I thought it was the colony part of hydroid jellyfish but... I just don't know
 
digitate hydroids
Yes it's my #1 theory too, especially because I had those jellyfish... actually still have, but in the past I couldn't find that "arm".
Thank you for the suggestion!

Edit: hold on, are those things related to Hydroid jellyfish or not? I'm still searching from where my jellyfish comes from.
 
Hydroids are a life stage for most animals of the class Hydrozoa, small predators related to jellyfish. Taken from wikipedia.
Yeah, I've read that a few years back, but I'm still unsure if they are related together or not, (I mean from a spawning point of view) my assumption is they are simply because I still have those jellyfish ( Vallentinia adherens ?? )... but it's an easy correlation to make.

In the past, I tried my best to find the source but I couldn't see them, I've been haunted since then. They can hide inside the rock making it impossible to eradicate from me.
Even slug could have issues eliminating them.

For now, I use my tweezer, try to grab them from the root but... I bet they can regrow (?). I thought of using some kalkwasser paste stuff but sometimes it's unpractical.

I know their's a med, fendanocole? Something like that, can't remember but it also kills other things that I don't want to be affected.

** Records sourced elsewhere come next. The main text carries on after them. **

lemma smooth_cong:
  "open U \<Longrightarrow> (\<And>x. x \<in> U \<Longrightarrow> f x = h x) \<Longrightarrow> smooth_on' U f \<Longrightarrow> smooth_on' U h"
  unfolding smooth_on'_def using Ck_cong by blast
lemma smooth_const: "open U \<Longrightarrow> smooth_on' U (\<lambda>x. c)"
  unfolding smooth_on'_def using Ck_const by blast
lemma smooth_add:
  "open U \<Longrightarrow> smooth_on' U f \<Longrightarrow> smooth_on' U h \<Longrightarrow> smooth_on' U (\<lambda>x. f x + h x)"
  unfolding smooth_on'_def using Ck_add by blast
lemma smooth_linear:
  "open U \<Longrightarrow> bounded_linear L \<Longrightarrow> smooth_on' U f \<Longrightarrow> smooth_on' U (\<lambda>x. L (f x))"
  unfolding smooth_on'_def using Ck_linear by blast
lemma smooth_bilinear:
  fixes prod :: "'b::real_normed_vector \<Rightarrow> 'c::real_normed_vector \<Rightarrow> 'd::real_normed_vector"
    and f :: "'a::real_normed_vector \<Rightarrow> 'b" and h :: "'a \<Rightarrow> 'c"
  shows "open U \<Longrightarrow> bounded_bilinear prod \<Longrightarrow> smooth_on' U f \<Longrightarrow> smooth_on' U h \<Longrightarrow> smooth_on' U (\<lambda>x. prod (f x) (h x))"
  unfolding smooth_on'_def using Ck_bilinear by blast
lemma smooth_inverse:
  fixes f :: "'a::real_normed_vector \<Rightarrow> real"
  shows "open U \<Longrightarrow> smooth_on' U f \<Longrightarrow> \<forall>x\<in>U. f x \<noteq> 0 \<Longrightarrow> smooth_on' U (\<lambda>x. inverse (f x))"
  unfolding smooth_on'_def using Ck_inverse by blast
lemma smooth_frechet_derivative: "smooth_on' U f \<Longrightarrow> smooth_on' U (\<lambda>p. frechet_derivative f (at p) v)"
  unfolding smooth_on'_def by (metis Ck.simps(2))
lemma smooth_differentiable_on: "smooth_on' U f \<Longrightarrow> f differentiable_on U"
  unfolding smooth_on'_def by (metis Ck.simps(2))

lemma smooth_scaleR:
  "open U \<Longrightarrow> smooth_on' U f \<Longrightarrow> smooth_on' U h \<Longrightarrow> smooth_on' U (\<lambda>x. f x *\<^sub>R h x)"
  using smooth_bilinear[OF _ bounded_bilinear_scaleR] by blast
lemma smooth_mult:
  "open U \<Longrightarrow> smooth_on' U (f::_\<Rightarrow>real) \<Longrightarrow> smooth_on' U h \<Longrightarrow> smooth_on' U (\<lambda>x. f x * h x)"
  using smooth_bilinear[OF _ bounded_bilinear_mult] by blast
lemma smooth_inner: "open U \<Longrightarrow> smooth_on' U f \<Longrightarrow> smooth_on' U (\<lambda>x. f x \<bullet> b)"
  using smooth_linear[OF _ bounded_linear_inner_left] by blast
lemma smooth_uminus: "open U \<Longrightarrow> smooth_on' U f \<Longrightarrow> smooth_on' U (\<lambda>x. - f x)"
  using smooth_linear[OF _ bounded_linear_minus[OF bounded_linear_ident]] by blast
lemma smooth_diff:
  "open U \<Longrightarrow> smooth_on' U f \<Longrightarrow> smooth_on' U h \<Longrightarrow> smooth_on' U (\<lambda>x. f x - h x)"
  using smooth_add[OF _ _ smooth_uminus[of U h]] by simp
lemma smooth_sum:
  "open U \<Longrightarrow> (\<And>i. i \<in> S \<Longrightarrow> smooth_on' U (f i)) \<Longrightarrow> smooth_on' U (\<lambda>x. \<Sum>i\<in>S. f i x)"
proof (induction S rule: infinite_finite_induct)
  case (infinite A) thus ?case by (simp add: smooth_const)
next
  case empty thus ?case by (simp add: smooth_const)
next
  case (insert x F) thus ?case by (simp add: smooth_add)
qed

A documentation I saw online that was interesting, probably not the right species but show a little bit what could be their behavior development:
The hydroids, apparently a nonmonophyletic group
No wonder why we have so much trouble with taxonomy lol

They are tricky to deal with argg, I don't like them. I prefer aiptasia (or maybe not :P )
For now, I still search during the night, sometimes I flip the rock but it's delicate since I have many corals.